Mardi. Ce 20 août 1846
Ma chatte chérie, enfin après bien des délais et des hésitations sans nombre nous sommes, je crois, sur le point de partir pour la campagne. Encore un peu, et j’allais y renoncer… Mais sais-tu ce qui m’a décidé? Voilà plusieurs jours que je n’ai plus de lettres de toi, et d’après ce que tu me dis dans ta dernière, j’ai beau de croire que j’en trouverai à Briansk. C’est donc ta lettre que je vais y chercher. Nous passons par Kalouga, et je pense bien que j’y verrai Mad. Smirnoff soit à présent, soit en y repassant à mon retour, à moins que dans le moment même où je forme, elle ne soit de sa personne allée me chercher à Pétersb<ourg>. On fait toujours bien de comptes sur des pareils contretemps, si l’on veut s’épargner du désappointement.
En vérité, je ne sais trop dans quel but je vais faire le voyage en question. Dans tous les cas ce n’est pas dans l’intérêt des affaires, car j’ai appris ici que le partage du bien ne pourra guères être mis à exécution avant neuf à dix mois, et c’est ici, à Moscou, que cette affaire se fera. Ce n’est donc que par pure amitié et complaisance pour mon frère que je m’y détermine. Ce pauvre garçon est au fond si malheureux de son isolement et le sort sous ce rapport, comme pour beaucoup d’autres, m’a accordé tant d’avantages sur lui que je me serais reproché, comme un manque de générosité, de ne pas acquiescer à l’extrême désir qu’il avait que je l’accompagne dans ce voyage.
Vous voyez bien, ma chatte chérie, que c’est encore vous qui êtes au fond de cette détermination, comme de tout ce que je fais et de tout ce que je suis…
D’ailleurs, il mérite bien quelque petit sacrifice pour son propre compte pour l’amitié qu’il nous porte. Tout à l’heure encore dans le partage qu’il va se faire, il veut à toute force me faire accepter, de vue de la famille, une terre de cent et quelques paysans en sus de la part qui me revient. A mon arrivée dans l’endroit je ne manquerai pas de vous mettre au fait de l’état des affaires qui sont plus particulièrement encore les vôtres, puisque c’est patrimoine de vos fils.
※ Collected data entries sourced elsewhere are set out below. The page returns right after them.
lemma ring_succ_mem: "n \<ge> 1 \<Longrightarrow> i \<in> {1..n} \<Longrightarrow> ring_succ n i \<in> {1..n}"
  by (auto simp: ring_succ_def)

lemma ring_pred_mem: "n \<ge> 1 \<Longrightarrow> i \<in> {1..n} \<Longrightarrow> ring_pred n i \<in> {1..n}"
  by (auto simp: ring_pred_def)

lemma ring_succ_pred: "i \<in> {1..n} \<Longrightarrow> ring_succ n (ring_pred n i) = i"
  by (auto simp: ring_succ_def ring_pred_def)

lemma ring_pred_succ: "i \<in> {1..n} \<Longrightarrow> ring_pred n (ring_succ n i) = i"
  by (auto simp: ring_succ_def ring_pred_def)

lemma sum_ring_succ: "n \<ge> 1 \<Longrightarrow> (\<Sum>i=1..n. f (ring_succ n i)) = (\<Sum>i=1..n. f i)"
  by (rule sum.reindex_bij_witness[where i="ring_pred n" and j="ring_succ n"])
     (auto simp: ring_succ_def ring_pred_def)

lemma sum_ring_pred: "n \<ge> 1 \<Longrightarrow> (\<Sum>i=1..n. f (ring_pred n i)) = (\<Sum>i=1..n. f i)"
  by (rule sum.reindex_bij_witness[where i="ring_succ n" and j="ring_pred n"])
     (auto simp: ring_succ_def ring_pred_def)

lemma sum_by_parts_ring:
  fixes D a :: "nat \<Rightarrow> 'a::comm_ring"
  assumes "n \<ge> 1"
  shows "(\<Sum>i=1..n. D i * ring_diff n a i) = (\<Sum>i=1..n. (D (ring_pred n i) - D i) * a i)"
proof -
  have "(\<Sum>i=1..n. D i * a (ring_succ n i)) = (\<Sum>i=1..n. D (ring_pred n i) * a i)"
    using sum_ring_pred[OF assms, of "\<lambda>i. D i * a (ring_succ n i)"]
    by (simp add: ring_succ_pred)
  then show ?thesis
    by (simp add: ring_diff_def right_diff_distrib left_diff_distrib sum_subtractf)
qed

lemma sum_mult_ring_laplacian:
  fixes S a :: "nat \<Rightarrow> 'a::field_char_0"
  assumes n: "n \<ge> 1"
  shows "(\<Sum>i=1..n. S i * ring_laplacian n a i)
       = - (\<Sum>i=1..n. ring_diff n S i * ring_diff n a i) / 2"
proof -
  have backward: "(\<Sum>i=1..n. S i * (a (ring_pred n i) - a i))
      = - (\<Sum>i=1..n. S (ring_succ n i) * ring_diff n a i)"
    using sum_ring_succ[OF n, of "\<lambda>i. S i * (a (ring_pred n i) - a i)"]
    by (simp add: ring_pred_succ ring_diff_def sum_negf[symmetric] algebra_simps)
  have "(\<Sum>i=1..n. S i * ring_laplacian n a i)
      = ((\<Sum>i=1..n. S i * ring_diff n a i) + (\<Sum>i=1..n. S i * (a (ring_pred n i) - a i))) / 2"
    unfolding sum.distrib[symmetric] sum_divide_distrib
    by (rule sum.cong) (simp_all add: ring_laplacian_def ring_diff_def field_simps)
  also have "\<dots> = - (\<Sum>i=1..n. ring_diff n S i * ring_diff n a i) / 2"
    unfolding backward by (simp add: ring_diff_def left_diff_distrib sum_subtractf)
  finally show ?thesis .
qed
Et il faut que je me dise cela pour y prendre quelque intérêt.
Tout ce que tu me dis dans ta lettre de la nécessité de prendre un part définitif et de la convenance qu’il y aurait pour nous à nous établir à Moscou est parfaitement vrai et incontestable, et tu penses, si le point de vue a été goûté et opprimé de la famille. Pour ma part, je n’y fais pas la moindre objection et je ne demande pas mieux que d’employer cet hiver à préparer ce bienheureux définitif. Mais cet hiver-ci il faudra bien le passer encore à Pétersb<ourg>, ne fût-ce que par l’économie, car rien que l’histoire du loger nous ferait une différence en moins de plusieurs milliers de roubles.
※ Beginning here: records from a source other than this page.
(* For each $n\ge1$, the natural truncation map $\pi_n:\mathfrak{krv}^{(n+1)}\to\mathfrak{krv}^{(n)}$ is a surjective Lie algebra homomorphism.
   Context: Let $\mathbb{L}$ be the degree completion of the free Lie algebra over $\mathbb{C}$ on $x,y$ (degree = number of letters), $\mathsf{A}$ the degree-completed free associative algebra on $x,y$, $\mathrm{cyc}=\mathsf{A}/[\mathsf{A},\mathsf{A}]$ (quotient by the span of $ab-ba$) with quotient map $\mathrm{tr}$. For $n\ge1$, $\mathbb{L}_{\le n}$, $\mathsf{A}_{\le n}$, $\mathrm{cyc}_{\le n}$ denote quotients by elements of degree $\ge n+1$. $\mathfrak{tder}_{\le n}$ is the Lie algebra (under commutator) of tangential derivations of $\mathbb{L}_{\le n}$: Lie derivations $u$ with $u(x)=[x,u_1]$, $u(y)=[y,u_2]$ for some $u_1,u_2\in\mathbb{L}_{\le n}$, written $u=(u_1,u_2)$. Writing $a=a_0+\partial_x(a)x+\partial_y(a)y$ uniquely, the divergence is $j(u)=\mathrm{tr}(\partial_x(u_1)x+\partial_y(u_2)y)\in\mathrm{cyc}_{\le n}$. The projections $\pi_n:\mathfrak{tder}_{\le n+1}\to\mathfrak{tder}_{\le n}$ are induced by $\mathbb{L}_{\le n+1}\to\mathbb{L}_{\le n}$. $\mathfrak{krv}^{(n)}$ is the Lie subalgebra of $u\in\mathfrak{tder}_{\le n}$ for which $u(x+y)=0$ in $\mathbb{L}_{\le n}$ and there exists $r\in\mathbb{C}[[z]]/z^{n+1}$ with $j(u)=\mathrm{tr}(r(x+y)-r(x)-r(y))$ in $\mathrm{cyc}_{\le n}$. *)

theory Defs
  imports Complex_Main
begin

datatype gen = X | Y

text \<open>An element of the degree-completed free associative algebra A is an arbitrary
  formal series, i.e. a function from words to coefficients.\<close>
type_synonym ser = "gen list \<Rightarrow> complex"

definition szero :: ser where "szero = (\<lambda>w. 0)"
definition sadd :: "ser \<Rightarrow> ser \<Rightarrow> ser" where "sadd a b = (\<lambda>w. a w + b w)"
definition ssub :: "ser \<Rightarrow> ser \<Rightarrow> ser" where "ssub a b = (\<lambda>w. a w - b w)"
definition ssc :: "complex \<Rightarrow> ser \<Rightarrow> ser" where "ssc c a = (\<lambda>w. c * a w)"

definition smul :: "ser \<Rightarrow> ser \<Rightarrow> ser" where
  "smul a b = (\<lambda>w. \<Sum>k\<in>{..length w}. a (take k w) * b (drop k w))"

definition sone :: ser where "sone = (\<lambda>w. if w = [] then 1 else 0)"

primrec spow :: "ser \<Rightarrow> nat \<Rightarrow> ser" where
  "spow a 0 = sone"
| "spow a (Suc k) = smul a (spow a k)"

definition sbr :: "ser \<Rightarrow> ser \<Rightarrow> ser" where "sbr a b = ssub (smul a b) (smul b a)"

definition sgen :: "gen \<Rightarrow> ser" where "sgen g = (\<lambda>w. if w = [g] then 1 else 0)"

text \<open>Truncation: quotient by elements of degree \<ge> n+1 (canonical representative).\<close>
definition trunc :: "nat \<Rightarrow> ser \<Rightarrow> ser" where
  "trunc n a = (\<lambda>w. if length w \<le> n then a w else 0)"

text \<open>Lie polynomials: the Lie subalgebra of A generated by x and y (the free Lie algebra
  on x, y, embedded in the free associative algebra).\<close>
inductive_set liepoly :: "ser set" where
  gen: "sgen g \<in> liepoly"
| add: "a \<in> liepoly \<Longrightarrow> b \<in> liepoly \<Longrightarrow> sadd a b \<in> liepoly"
| scal: "a \<in> liepoly \<Longrightarrow> ssc c a \<in> liepoly"
| br: "a \<in> liepoly \<Longrightarrow> b \<in> liepoly \<Longrightarrow> sbr a b \<in> liepoly"

text \<open>L_{\<le>n}: Lie elements of degree \<le> n (canonical representatives of L / degree \<ge> n+1).\<close>
definition L_le :: "nat \<Rightarrow> ser set" where
  "L_le n = {a \<in> liepoly. \<forall>w. n < length w \<longrightarrow> a w = 0}"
C’est donc une chose décidée, je pense que nous serons les hôtes de Safonoff encore pour quelques mois, et à cette occasion il serait bon d’engager le maître d’hôtel à faire sans perte de temps les provisions nécessaires pour cet hiver.
Le beau temps se soutient jusqu’à présent, et c’est ce qui me reconcilie un peu avec l’idée de ce voyage. D’ailleurs, il n’y a de vraiment déplaisant que la seconde moitié, c’est-à-d<ire> à partir de Kalouga. Mais là, ce sont les Maltzoff* qui viendront à notre secours, car c’est en grande partie sur leurs terres que se fait cette seconde moitié du voyage, et ce sont eux qui très aimablement s’engagent à nous fournir les chevaux aussi bien que le gîte. Au moment même où j’étais en train de te vanter la beauté de la saison voilà le temps qui a l’air de vouloir se gâter. Je proteste…
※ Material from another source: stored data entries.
lemma x'_pos:
  assumes "0 < s" "s \<le> r0"
  shows "0 < x' s"
proof -
  have "x' 0 < x' s"
  proof (rule DERIV_pos_imp_increasing_open[OF assms(1) _ continuous_on_profile(3)])
    show "\<exists>d. (x' has_real_derivative d) (at u) \<and> 0 < d" if "0 < u" "u < s" for u
      using x'_deriv x''_pos_on_arc[of u] that assms by auto
  qed
  then show ?thesis
    by (simp add: x'_0)
qed

lemma z_neg:
  assumes "0 < s" "s \<le> r0"
  shows "z s < 0"
proof -
  have "z s < z 0"
  proof (rule DERIV_neg_imp_decreasing_open[OF assms(1) _ continuous_on_profile(2)])
    show "\<exists>d. (z has_real_derivative d) (at u) \<and> d < 0" if "0 < u" "u < s" for u
      using z_deriv z'_neg[of u] that assms by auto
  qed
  then show ?thesis
    by (simp add: z_0)
qed

lemma x'_mult_z_nonpos:
  assumes "\<bar>s\<bar> \<le> r0"
  shows "x' s * z s \<le> 0"
proof -
  have "x' \<bar>s\<bar> * z \<bar>s\<bar> \<le> 0"
    using x'_pos[of "\<bar>s\<bar>"] z_neg[of "\<bar>s\<bar>"] assms
    by (cases "s = 0") (auto simp: x'_0 mult_pos_neg less_imp_le)
  then show ?thesis
    by (cases "0 \<le> s") (auto simp: x'_odd z_odd)
qed

lemma isCont_g: "\<bar>s\<bar> < r0 \<Longrightarrow> isCont g s"
  unfolding g_def[abs_def] using z'_neg[of s]
  by (intro continuous_intros isCont_profile) auto

lemma g_0_pos: "0 < g 0"
  using x_pos[of 0] by (simp add: g_def x'_0)

text \<open>Near \<open>r\<^sub>0\<close> the quotient \<open>x' z / z'\<close> exceeds the bound \<open>(B + 1)/H\<close> on \<open>x\<close>, since
  \<open>z' \<rightarrow> 0\<^sup>-\<close> while \<open>x' z\<close> stays below a negative constant.\<close>

lemma g_neg_near_r0: "\<exists>r1. 0 < r1 \<and> r1 < r0 \<and> g r1 < 0"
proof -
  define c where "c = x' r0 * z r0"
  have c: "c < 0"
    unfolding c_def using x'_pos[OF r0_pos order_refl] z_neg[OF r0_pos order_refl]
    by (simp add: mult_pos_neg)
  define K where "K = (B + 1) / H"
  have K: "0 < K"
    using B_gt_1 H_pos by (simp add: K_def)
  have "((\<lambda>s. x' s * z s) \<longlongrightarrow> c) (at_left r0)"
    unfolding c_def using isCont_profile(2,3)
    by (intro tendsto_intros) (simp_all add: isCont_def filterlim_at_split)
  then have near_c: "\<forall>\<^sub>F s in at_left r0. x' s * z s < c / 2"
    by (rule order_tendstoD(2)) (use c in simp)
  have "(z' \<longlongrightarrow> 0) (at_left r0)"
    using isCont_profile(4)[of r0] z'_r0 by (simp add: isCont_def filterlim_at_split)
  then have near_0: "\<forall>\<^sub>F s in at_left r0. c / (2 * K) < z' s"
    by (rule order_tendstoD(1)) (use c K in \<open>simp add: divide_neg_pos\<close>)
  have "\<forall>\<^sub>F s in at_left r0. 0 < s \<and> s < r0 \<and> x' s * z s < c / 2 \<and> c / (2 * K) < z' s"
    using eventually_at_left_real[OF r0_pos] near_c near_0 by eventually_elim auto
  then obtain s where s: "0 < s" "s < r0" "x' s * z s < c / 2" "c / (2 * K) < z' s"
    using eventually_happens'[of "at_left r0"] trivial_limit_at_left_real by blast
  have "x' s * z s < K * z' s"
    using s(3) mult_strict_left_mono[OF s(4) K] K by simp
  then have "K < x' s * z s / z' s"
    using z'_neg[of s] s by (simp add: less_divide_eq)
  moreover have "x s \<le> K"
    unfolding K_def by (rule x_le)
  ultimately show ?thesis
    using s by (auto simp: g_def)
qed

text \<open>The first positive zero of \<open>g\<close> is the infimum of the closed set where \<open>g \<le> 0\<close>.\<close>

lemma first_zero_g: "\<exists>rb. 0 < rb \<and> rb < r0 \<and> g rb = 0 \<and> (\<forall>s. 0 \<le> s \<and> s < rb \<longrightarrow> 0 < g s)"
proof -
  obtain r1 where r1: "0 < r1" "r1 < r0" "g r1 < 0"
    using g_neg_near_r0 by blast
  have cont: "continuous_on {0..r1} g"
    using r1 by (intro continuous_at_imp_continuous_on ballI isCont_g) auto
  define S where "S = {0..r1} \<inter> g -` {..0}"
  have "closed S"
    unfolding S_def by (rule continuous_closed_preimage[OF cont]) auto
  moreover have "r1 \<in> S" "bdd_below S"
    using r1 by (auto simp: S_def intro: bdd_belowI[of _ 0])
  ultimately have rb: "Inf S \<in> S"
    by (intro closed_contains_Inf) auto
  have pos: "0 < g s" if "0 \<le> s" "s < Inf S" for s
    using that rb cInf_lower[OF _ \<open>bdd_below S\<close>, of s] by (force simp: S_def)
  have "g (Inf S) = 0"
  proof (rule ccontr)
    assume "g (Inf S) \<noteq> 0"
    then obtain t where t: "0 \<le> t" "t \<le> Inf S" "g t = 0"
      using IVT2[of g "Inf S" 0 0] rb g_0_pos isCont_g r1 by (fastforce simp: S_def)
    then show False
      using pos[of t] \<open>g (Inf S) \<noteq> 0\<close> by (cases "t = Inf S") auto
  qed
  moreover have "Inf S \<noteq> 0"
    using g_0_pos calculation by auto
  ultimately show ?thesis
    using rb r1 pos by (intro exI[of _ "Inf S"]) (auto simp: S_def)
qed

end

locale nodoid_cap = nodoid_arc +
  fixes rb :: real
  assumes rb_pos: "0 < rb" and rb_less_r0: "rb < r0" and g_rb: "g rb = 0"
    and g_pos: "\<And>s. 0 \<le> s \<Longrightarrow> s < rb \<Longrightarrow> 0 < g s"
begin

lemma g_nonneg: "\<bar>s\<bar> \<le> rb \<Longrightarrow> 0 \<le> g s"
  using g_pos[of "\<bar>s\<bar>"] g_rb g_even[of s]
  by (cases "\<bar>s\<bar> = rb"; cases "0 \<le> s") (auto simp: abs_if split: if_splits)

lemma inner_rot_normal_nonneg: "\<bar>s\<bar> \<le> rb \<Longrightarrow> 0 \<le> rot s t \<bullet> normal s t"
  using z'_neg[of s] g_nonneg[of s] rb_less_r0
  by (simp add: inner_rot_normal_eq_g mult_nonpos_nonneg)

lemma sq_dist_less:
  assumes "\<bar>s\<bar> < rb"
  shows "(x s)\<^sup>2 + (z s)\<^sup>2 < (x rb)\<^sup>2 + (z rb)\<^sup>2"
proof -
  have "(x \<bar>s\<bar>)\<^sup>2 + (z \<bar>s\<bar>)\<^sup>2 < (x rb)\<^sup>2 + (z rb)\<^sup>2"
  proof (rule DERIV_pos_imp_increasing_open[OF assms])
    fix u assume u: "\<bar>s\<bar> < u" "u < rb"
    have "((\<lambda>u. (x u)\<^sup>2 + (z u)\<^sup>2) has_real_derivative 2 * (x u * x' u) + 2 * (z u * z' u)) (at u)"
      by (auto intro!: derivative_eq_intros x_deriv z_deriv)
    moreover have "0 < x u * x' u" "0 < z u * z' u"
      using x_pos[of u] x'_pos[of u] z_neg[of u] z'_neg[of u] u rb_less_r0
      by (auto intro: mult_pos_pos mult_neg_neg)
    ultimately show "\<exists>d. ((\<lambda>u. (x u)\<^sup>2 + (z u)\<^sup>2) has_real_derivative d) (at u) \<and> 0 < d"
      by (intro exI[of _ "2 * (x u * x' u) + 2 * (z u * z' u)"]) auto
  qed (intro continuous_intros continuous_on_profile)
  then show ?thesis
    by (cases "0 \<le> s") (auto simp: x_even z_odd)
qed

lemma free_boundary_cap:
  "free_boundary_CMC_in_ball rot normal (- rb) rb (sqrt ((x rb)\<^sup>2 + (z rb)\<^sup>2))"
proof (rule free_boundary_CMC_in_ball_rot)
  show "0 < sqrt ((x rb)\<^sup>2 + (z rb)\<^sup>2)"
    using x_pos[of rb] by (simp add: add_pos_nonneg)
  show "z s * x' s = x s * z' s" if "s \<in> {- rb, rb}" for s
  proof -
    have "\<bar>s\<bar> < r0" "g s = 0"
      using that rb_pos rb_less_r0 g_rb g_even[of rb] by auto
    then show ?thesis
      using inner_rot_normal_eq_g[of s 0] inner_rot_normal[of s 0] z'_neg[of s] by auto
  qed
qed (use rb_pos sq_dist_less x_even z_odd mean_curvature_eq in auto)

lemma Phi_pinching:
  assumes "\<bar>s\<bar> \<le> rb"
  shows "normPhi2 rot normal s t * (rot s t \<bullet> normal s t)\<^sup>2
    \<le> 1 / 2 * (2 + mean_curv rot normal s t * (rot s t \<bullet> normal s t))\<^sup>2"
proof -
  define k p where "k = parallel_curvature s" and "p = rot s t \<bullet> normal s t"
  have "0 \<le> p"
    unfolding p_def using inner_rot_normal_nonneg[OF assms] .
  moreover have "k < 0"
    unfolding k_def parallel_curvature_def using z'_neg[of s] x_pos[of s] assms rb_less_r0
    by (simp add: divide_neg_pos)
  moreover have "1 + k * p = (x' s)\<^sup>2 + z' s * (x' s * z s) / x s"
  proof -
    have "1 + k * p = (x' s)\<^sup>2 + (z' s)\<^sup>2 + k * p"
      by (simp add: unit_speed)
    also have "\<dots> = (x' s)\<^sup>2 + z' s * (x' s * z s) / x s"
      unfolding k_def p_def parallel_curvature_def inner_rot_normal
      using x_pos[of s] by (simp add: field_simps power2_eq_square)
    finally show ?thesis .
  qed
  moreover have "0 \<le> z' s * (x' s * z s)"
    using z'_neg[of s] x'_mult_z_nonpos[of s] assms rb_less_r0 by (simp add: mult_nonpos_nonpos)
  moreover have "meridian_curvature s - parallel_curvature s = H - 2 * k"
    using mean_curvature_eq[of s] by (simp add: k_def)
  ultimately show ?thesis
    using pinching_inequality[of H p k] H_pos x_pos[of s]
    by (simp add: normPhi2_rot mean_curv_rot mean_curvature_eq mult_nonpos_nonneg p_def)
qed

end

theorem (in nodoid_arc) free_boundary_cap_exists:
  "\<exists>rb. 0 < rb \<and> rb < r0 \<and> g rb = 0 \<and> g (- rb) = 0 \<and>
     (\<forall>r\<in>{- rb..rb}. 0 \<le> g r \<and> 0 < x'' r \<and> x' r * z r \<le> 0) \<and>
     free_boundary_CMC_in_ball rot normal (- rb) rb (sqrt ((x rb)\<^sup>2 + (z rb)\<^sup>2)) \<and>
     (\<forall>s\<in>{- rb..rb}. \<forall>t. normPhi2 rot normal s t * (rot s t \<bullet> normal s t)\<^sup>2
        \<le> 1 / 2 * (2 + mean_curv rot normal s t * (rot s t \<bullet> normal s t))\<^sup>2)"
proof -
  obtain rb where rb: "0 < rb" "rb < r0" "g rb = 0" "\<And>s. 0 \<le> s \<Longrightarrow> s < rb \<Longrightarrow> 0 < g s"
    using first_zero_g by blast
  then interpret nodoid_cap B H r0 rb
    by unfold_locales
  show ?thesis
    using rb g_even g_nonneg x''_pos_on_arc x'_mult_z_nonpos free_boundary_cap Phi_pinching
    by (intro exI[of _ rb]) auto
qed

theorem proposition3p6:
  fixes B H r0 :: real and x z g :: "real \<Rightarrow> real"
    and X Nv :: "real \<Rightarrow> real \<Rightarrow> real^3"
  assumes B: "B > 1" and H: "H > 0"
    and x_def: "\<And>s. x s = (1 / H) * sqrt (1 + B\<^sup>2 + 2 * B * sin (H * s + 3 * pi / 2))"
    and z_def: "\<And>s. z s = oint (3 * pi / (2 * H)) (s + 3 * pi / (2 * H))
                   (\<lambda>t. (1 + B * sin (H * t)) / sqrt (1 + B\<^sup>2 + 2 * B * sin (H * t)))"
    and g_def: "\<And>s. g s = x s - deriv x s / deriv z s * z s"
    and r0: "r0 > 0" "deriv z r0 = 0" "\<And>r. 0 < r \<Longrightarrow> r < r0 \<Longrightarrow> deriv z r \<noteq> 0"
    and X_def: "\<And>s t. X s t = vector [x s * cos t, x s * sin t, z s]"
    and N_def: "\<And>s t. Nv s t = vector [- deriv z s * cos t, - deriv z s * sin t, deriv x s]"
  shows "\<exists>rb. 0 < rb \<and> rb < r0 \<and> g rb = 0 \<and> g (- rb) = 0 \<and>
           (\<forall>r\<in>{- rb..rb}. g r \<ge> 0 \<and> deriv (deriv x) r > 0 \<and> deriv x r * z r \<le> 0) \<and>
           (let R0 = sqrt ((x rb)\<^sup>2 + (z rb)\<^sup>2) in
              free_boundary_CMC_in_ball X Nv (- rb) rb R0 \<and>
              (\<forall>s\<in>{- rb..rb}. \<forall>t.
                 normPhi2 X Nv s t * (X s t \<bullet> Nv s t)\<^sup>2
                   \<le> (1 / 2) * (2 + mean_curv X Nv s t * (X s t \<bullet> Nv s t))\<^sup>2))"
proof -
  have nodoid: "nodoid B H"
    using B H by unfold_locales
  have x: "x = nodoid.x B H" and z: "z = nodoid.z B H"
    using x_def z_def nodoid.x_eq[OF nodoid] by (auto simp: nodoid.z_def[OF nodoid])
  note deriv = nodoid.deriv_profile[OF nodoid]
  note profile = nodoid.unit_speed_profile[OF nodoid]
  have "nodoid_arc B H r0"
    using nodoid r0 by (simp add: nodoid_arc_def nodoid_arc_axioms_def deriv x z)
  moreover have "g = nodoid.g B H"
    by (rule ext) (simp add: g_def nodoid.g_def[OF nodoid] deriv x z)
  moreover have "X = unit_speed_profile.rot x z" "Nv = unit_speed_profile.normal (deriv x) (deriv z)"
    by (simp_all add: fun_eq_iff X_def N_def x z deriv
        unit_speed_profile.rot_def[OF profile] unit_speed_profile.normal_def[OF profile])
  ultimately show ?thesis
    using nodoid_arc.free_boundary_cap_exists by (simp add: Let_def deriv x z)
qed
J’ignore encore l’impression que me fera la vue du lieu natal, quitté depuis 27 ans et si peu regretté… Je crains qu’en fait de mélancolie je n’y trouve que de l’ennui. C’est qu’aucun de mes souvenirs vivants ne remonte à l’époque, où j’y ai été pour la dernière fois. Ma vie a commencé plus tard, et tout ce qui est autrui à cette vie-là, m’est aussi étranger que la veille du jour de ma naissance. Il n’est pas ainsi de toi, ma chatte chérie, dont j’aime tous les récits souvent répétés et toujours bienvenus de ta première enfance*.
La tante Chérémétieff, arrivée ici depuis hier, me charge de ses amitiés pour toi… Adieu. Je me sens tout triste et tout découragé de la sotte lettre que je viens de t’écrire. C’est si peu satisfaisant, les écritures. Mais j’ai hâte de recevoir les tiennes qui m’amusent et me tranquillisent. Adieu, ma chatte, conserve-toi, je t’en prie.
Перевод
Вторник. 20 августа 1846
Милая моя кисанька, наконец-то, после многих отсрочек и бесчисленных колебаний, мы, кажется, уезжаем в деревню. Еще немного, и я отказался бы от этого намерения… А знаешь, что повлияло на мое решение? Вот уже несколько дней я не получаю от тебя писем, а судя по последнему письму, мне кажется, что твое следующее письмо ждет меня в Брянске. Итак, я еду туда за твоим письмом. Мы отправляемся через Калугу, и там я рассчитываю повидать госпожу Смирнову — будь то теперь или на обратном пути, если только она не поехала сейчас, пока я строю эти планы, повидаться со мной в Петербург. Всегда полезно учитывать такие неожиданности, если хочешь избавить себя от разочарований.
По правде говоря, я не вполне знаю, для какой надобности пускаюсь в эту поездку. Во всяком случае — не дела ради, ибо я узнал, что раздел имения может произойти не ранее как через 9-10 месяцев и совершится это здесь, в Москве. Так что только по дружбе и из любезности к брату решаюсь я на это. Бедняга, в сущности, так тяготится своим одиночеством, и судьба в этом отношении, как и во многих других, наделила меня столькими преимуществами сравнительно с ним, что я стал бы винить себя в недостатке великодушия, если бы не снизошел к его горячему желанию, чтобы я сопутствовал ему в этой поездке.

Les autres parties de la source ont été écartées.